[Instructions to follow] The answer is the set of lines that include "Union", copied from the data below.

[Records to process]
text \<open>Variables are natural numbers (a countably infinite alphabet); words are
nonempty lists of variables (elements of the free semigroup).  A monoid S is
a type of class monoid_mult.\<close>

type_synonym word = "nat list"

definition eval_word :: "(nat \<Rightarrow> 'a::monoid_mult) \<Rightarrow> word \<Rightarrow> 'a" where
  "eval_word \<phi> w = prod_list (map \<phi> w)"

definition satisfies :: "'a::monoid_mult itself \<Rightarrow> word \<Rightarrow> word \<Rightarrow> bool" where
  "satisfies S u v \<longleftrightarrow> (\<forall>\<phi> :: nat \<Rightarrow> 'a. eval_word \<phi> u = eval_word \<phi> v)"

definition isoterm :: "'a::monoid_mult itself \<Rightarrow> word \<Rightarrow> bool" where
  "isoterm S w \<longleftrightarrow> (\<forall>w'. w' \<noteq> [] \<and> satisfies S w w' \<longrightarrow> w' = w)"

text \<open>Encoding of the variables of the word in Lemma 3.8, for i = 1..n:
z_i = 8i, p_i = 8i+1, q_i = 8i+2, r_i = 8i+3 and the four linear t's
attached to index i are 8i+4, 8i+5 (first factor), 8i+6, 8i+7 (last factor).\<close>

definition zv :: "nat \<Rightarrow> nat" where "zv i = 8*i"
definition pv :: "nat \<Rightarrow> nat" where "pv i = 8*i + 1"
definition qv :: "nat \<Rightarrow> nat" where "qv i = 8*i + 2"
definition rv :: "nat \<Rightarrow> nat" where "rv i = 8*i + 3"
definition tv :: "nat \<Rightarrow> nat \<Rightarrow> nat" where "tv i k = 8*i + 4 + k"  \<comment> \<open>k < 4\<close>

definition word_3p8 :: "nat \<Rightarrow> word" where
  "word_3p8 n =
     concat (map (\<lambda>i. [zv i, tv i 0, pv i, tv i 1]) [1..<n+1])
   @ concat (map (\<lambda>i. [zv i, qv i]) [1..<n+1])
   @ concat (map (\<lambda>i. [pv i, rv i]) [1..<n+1])
   @ concat (map (\<lambda>i. [tv i 2, qv i, tv i 3, rv i]) [1..<n+1])"

text \<open>x t1 x y t2 y with x = 0, y = 1, t1 = 2, t2 = 3.\<close>
definition xtxyty :: word where "xtxyty = [0, 2, 0, 1, 3, 1]"

end

theory Submission
  imports Defs
begin

text \<open>Deleting letters from an identity gives an identity, and a factor of an isoterm,
renamed injectively, is again an isoterm.  So if S satisfies W \<approx> v, where W is the word of
the theorem, then v agrees with W on every set of letters to which W restricts as a renamed
factor of x t x y t' y.  These restrictions fix how often each letter occurs in v and, for most
pairs of consecutive occurrences in W, their order in v.  The remaining pairs, such as the first
q_i and the second z_(i+1), are ordered by contradiction: in the opposite order the restriction
of v to these two letters and a linear neighbour of each would itself be the isoterm
x t x y t' y, which the restriction of W is not.  Hence all occurrences of letters appear in v
in the same order as in W, that is, v = W.\<close>

section \<open>Identities and isoterms\<close>

lemma eval_word_append: "eval_word \<phi> (u @ w) = eval_word \<phi> u * eval_word \<phi> w"
  by (simp add: eval_word_def)
definition fibre_dev :: "nat \<Rightarrow> ((nat \<Rightarrow> nat) \<Rightarrow> real) \<Rightarrow> (nat \<Rightarrow> nat) \<Rightarrow> nat \<Rightarrow> real" where
  "fibre_dev p g v s = g (v(0 := one_minus_mod p s)) - avg {..<p} (\<lambda>t. g (v(0 := t)))"

definition bias :: "nat \<Rightarrow> nat \<Rightarrow> ((nat \<Rightarrow> nat) \<Rightarrow> real) \<Rightarrow> (nat \<Rightarrow> nat) \<Rightarrow> real" where
  "bias n p g a = (\<Sum>v\<in>Xtail n p. fibre_dev p g v (dotp_mod n p a v))"

lemma sum_fibre_dev:
  assumes "p \<ge> 2"
  shows "(\<Sum>s<p. fibre_dev p g v s) = 0"
  unfolding fibre_dev_def
  using sum.reindex_bij_betw[OF bij_one_minus_mod[OF assms],
      of "\<lambda>t. g (v(0 := t)) - avg {..<p} (\<lambda>t. g (v(0 := t)))"]
  by (simp add: sum_diff_avg)

lemma sum_fibre_dev_sq_le:
  assumes p: "p \<ge> 2" and v: "v \<in> Xtail n p" and g: "\<forall>x\<in>Xhat n p. \<bar>g x\<bar> \<le> 1"
  shows "(\<Sum>s<p. (fibre_dev p g v s)\<^sup>2) \<le> real p"
proof -
  have "(\<Sum>s<p. (fibre_dev p g v s)\<^sup>2) = (\<Sum>t<p. (g (v(0 := t)) - avg {..<p} (\<lambda>t. g (v(0 := t))))\<^sup>2)"
    unfolding fibre_dev_def
    by (rule sum.reindex_bij_betw[OF bij_one_minus_mod[OF p]])
  also have "\<dots> \<le> (\<Sum>t<p. (g (v(0 := t)))\<^sup>2)"
    by (rule sum_sq_diff_avg_le) simp
  also have "\<dots> \<le> (\<Sum>t<p. 1)"
  proof (rule sum_mono)
    fix t assume "t \<in> {..<p}"
    then have "v(0 := t) \<in> Xhat n p"
      using v unfolding Xhat_eq_image by (intro image_eqI[where x = "(t, v)"]) auto
    then show "(g (v(0 := t)))\<^sup>2 \<le> 1"
      using g abs_square_le_1 by blast
  qed
  finally show ?thesis
    by simp
qed

lemma avg_Sf_Lpred_diff:
  assumes p: "p \<ge> 2" and a: "a \<in> Lcoeffs n p"
  shows "avg (Sf n p (Lpred n p a)) g - avg (Xhat n p) g = bias n p g a / real (card (Xtail n p))"
proof -
  let ?V = "Xtail n p"
  have "card (Xhat n p) = p * card ?V"
    using sum_Xhat[where h = "\<lambda>_. 1::nat"] by simp
  then have "avg (Xhat n p) g = (\<Sum>v\<in>?V. avg {..<p} (\<lambda>t. g (v(0 := t)))) / real (card ?V)"
    using p by (simp add: avg_def sum_Xhat sum_divide_distrib[symmetric] field_simps)
  moreover have "avg (Sf n p (Lpred n p a)) g
      = (\<Sum>v\<in>?V. g (v(0 := one_minus_mod p (dotp_mod n p a v)))) / real (card ?V)"
    unfolding avg_def Sf_Lpred_eq_image[OF p a]
    by (simp add: sum.reindex[OF inj_on_fun_upd_zero] card_image[OF inj_on_fun_upd_zero])
  ultimately show ?thesis
    by (simp add: bias_def fibre_dev_def sum_subtractf diff_divide_distrib)
qed

lemma sum_bias_sq_le:
  assumes prime: "prime p" and g: "\<forall>x\<in>Xhat n p. \<bar>g x\<bar> \<le> 1"
  shows "(\<Sum>a\<in>Lcoeffs n p. (bias n p g a)\<^sup>2) \<le> 2 * real p * (real (card (Xtail n p)))\<^sup>2"
proof -
  let ?N = "card (Xtail n p)"
  have p: "p \<ge> 2"
    using prime by (rule prime_ge_2_nat)
  have "(\<Sum>a\<in>Lcoeffs n p. (bias n p g a)\<^sup>2) \<le> real ?N * (real p * real (card (Lcoeffs n p)) * 1)"
    unfolding bias_def
    by (rule second_moment_le[OF prime]) (simp_all add: sum_fibre_dev[OF p] sum_fibre_dev_sq_le[OF p _ g])
  also have "\<dots> = real p * real (?N * card (Lcoeffs n p))"
    by simp
  also have "\<dots> \<le> real p * real (2 * ?N\<^sup>2)"
  proof -
    have "?N * card (Lcoeffs n p) \<le> ?N * (?N + 1)"
      using card_Lcoeffs_le by (rule mult_left_mono) simp
    also have "\<dots> \<le> 2 * ?N\<^sup>2"
      by (cases "?N = 0") (simp_all add: power2_eq_square)
    finally have "real (?N * card (Lcoeffs n p)) \<le> real (2 * ?N\<^sup>2)"
      by (rule of_nat_mono)
    then show ?thesis
      by (rule mult_left_mono) simp
  qed
  finally show ?thesis
    by simp
qed
(* Let $T$ be a complete theory with monster model $\mathcal{U}$, $A\subseteq\mathcal{U}$ small, $\mu\in\mathfrak{M}_x(\mathcal{U})$, $\nu\in\mathfrak{M}_y(\mathcal{U})$, and suppose $\lambda\in\mathfrak{M}_{xy}(A)$ witnesses $\mu\geq_{\mathbb{E},A}\nu$. Then for any $\omega\in\operatorname{E}(\lambda,\mu)$, any $\varphi(y)\in\mathcal{L}_y(\mathcal{U})$ and any $\epsilon>0$, there exist $\gamma^-(x,y),\gamma^+(x,y)\in\mathbb{B}_{xy}(A)$ such that (1) $\gamma^-(x,y)\subseteq(\varphi(y)\wedge x=x)\subseteq\gamma^+(x,y)$; (2) $\omega(\gamma^+(x,y))-\omega(\gamma^-(x,y))<\epsilon$; (3) $|\omega(\gamma^{\dagger}(x,y))-\nu(\varphi(y))|<\epsilon$ for $\dagger\in\{+,-\}$.
   Context: For $B\subseteq\mathcal{U}$, $\mathcal{L}_x(B)$ is the Boolean algebra of formulas in $x$ with parameters from $B$ modulo $T$, identified with $B$-definable sets, and embedded in $\mathcal{L}_{xy}(B)$ via $\varphi(x)\mapsto\varphi(x)\wedge y=y$; $\mathfrak{M}_x(B)$ is the set of finitely additive probability measures on $\mathcal{L}_x(B)$. For $\omega\in\mathfrak{M}_{xy}(B)$, $\pi_x(\omega)(\varphi(x))=\omega(\varphi(x)\wedge y=y)$ (similarly $\pi_y$); $\omega|_C$ is restriction. $\operatorname{E}(\lambda,\mu)=\{\omega\in\mathfrak{M}_{xy}(\mathcal{U}):\omega|_A=\lambda,\pi_x(\omega)=\mu\}$. $\lambda$ witnesses $\mu\geq_{\mathbb{E},A}\nu$ means $\pi_x(\lambda)=\mu|_A$ and $\pi_y(\omega)=\nu$ for all $\omega\in\operatorname{E}(\lambda,\mu)$. $\mathbb{B}_{xy}(A)$ is the Boolean subalgebra of $\mathcal{L}_{xy}(\mathcal{U})$ generated by $\{\varphi(x)\wedge y=y:\varphi(x)\in\mathcal{L}_x(\mathcal{U})\}\cup\mathcal{L}_{xy}(A)$. *)

theory Defs
  imports Complex_Main
begin

datatype ('f,'u) trm = Var nat | Par 'u | App 'f "('f,'u) trm list"

datatype ('f,'r,'u) fm =
    FBot
  | FEq "('f,'u) trm" "('f,'u) trm"
  | FRel 'r "('f,'u) trm list"
  | FNeg "('f,'r,'u) fm"
  | FConj "('f,'r,'u) fm" "('f,'r,'u) fm"
  | FEx nat "('f,'r,'u) fm"

text \<open>A structure (the monster model) whose universe is the whole type 'u.\<close>
record ('f,'r,'u) struc =
  fun_ar  :: "'f \<Rightarrow> nat"
  rel_ar  :: "'r \<Rightarrow> nat"
  fun_int :: "'f \<Rightarrow> 'u list \<Rightarrow> 'u"
  rel_int :: "'r \<Rightarrow> 'u list \<Rightarrow> bool"

fun wf_trm :: "('f \<Rightarrow> nat) \<Rightarrow> ('f,'u) trm \<Rightarrow> bool" where
  "wf_trm ar (Var i) = True"
| "wf_trm ar (Par a) = True"
| "wf_trm ar (App f ts) = (length ts = ar f \<and> list_all (wf_trm ar) ts)"

fun fv_trm :: "('f,'u) trm \<Rightarrow> nat set" where
  "fv_trm (Var i) = {i}"
| "fv_trm (Par a) = {}"
| "fv_trm (App f ts) = (\<Union>t\<in>set ts. fv_trm t)"

fun par_trm :: "('f,'u) trm \<Rightarrow> 'u set" where
  "par_trm (Var i) = {}"
| "par_trm (Par a) = {a}"
| "par_trm (App f ts) = (\<Union>t\<in>set ts. par_trm t)"

fun eval_trm :: "('f,'r,'u) struc \<Rightarrow> (nat \<Rightarrow> 'u) \<Rightarrow> ('f,'u) trm \<Rightarrow> 'u" where
  "eval_trm M e (Var i) = e i"
| "eval_trm M e (Par a) = a"
| "eval_trm M e (App f ts) = fun_int M f (map (eval_trm M e) ts)"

[Solution]
| "fv_trm (App f ts) = (\<Union>t\<in>set ts. fv_trm t)"
| "par_trm (App f ts) = (\<Union>t\<in>set ts. par_trm t)"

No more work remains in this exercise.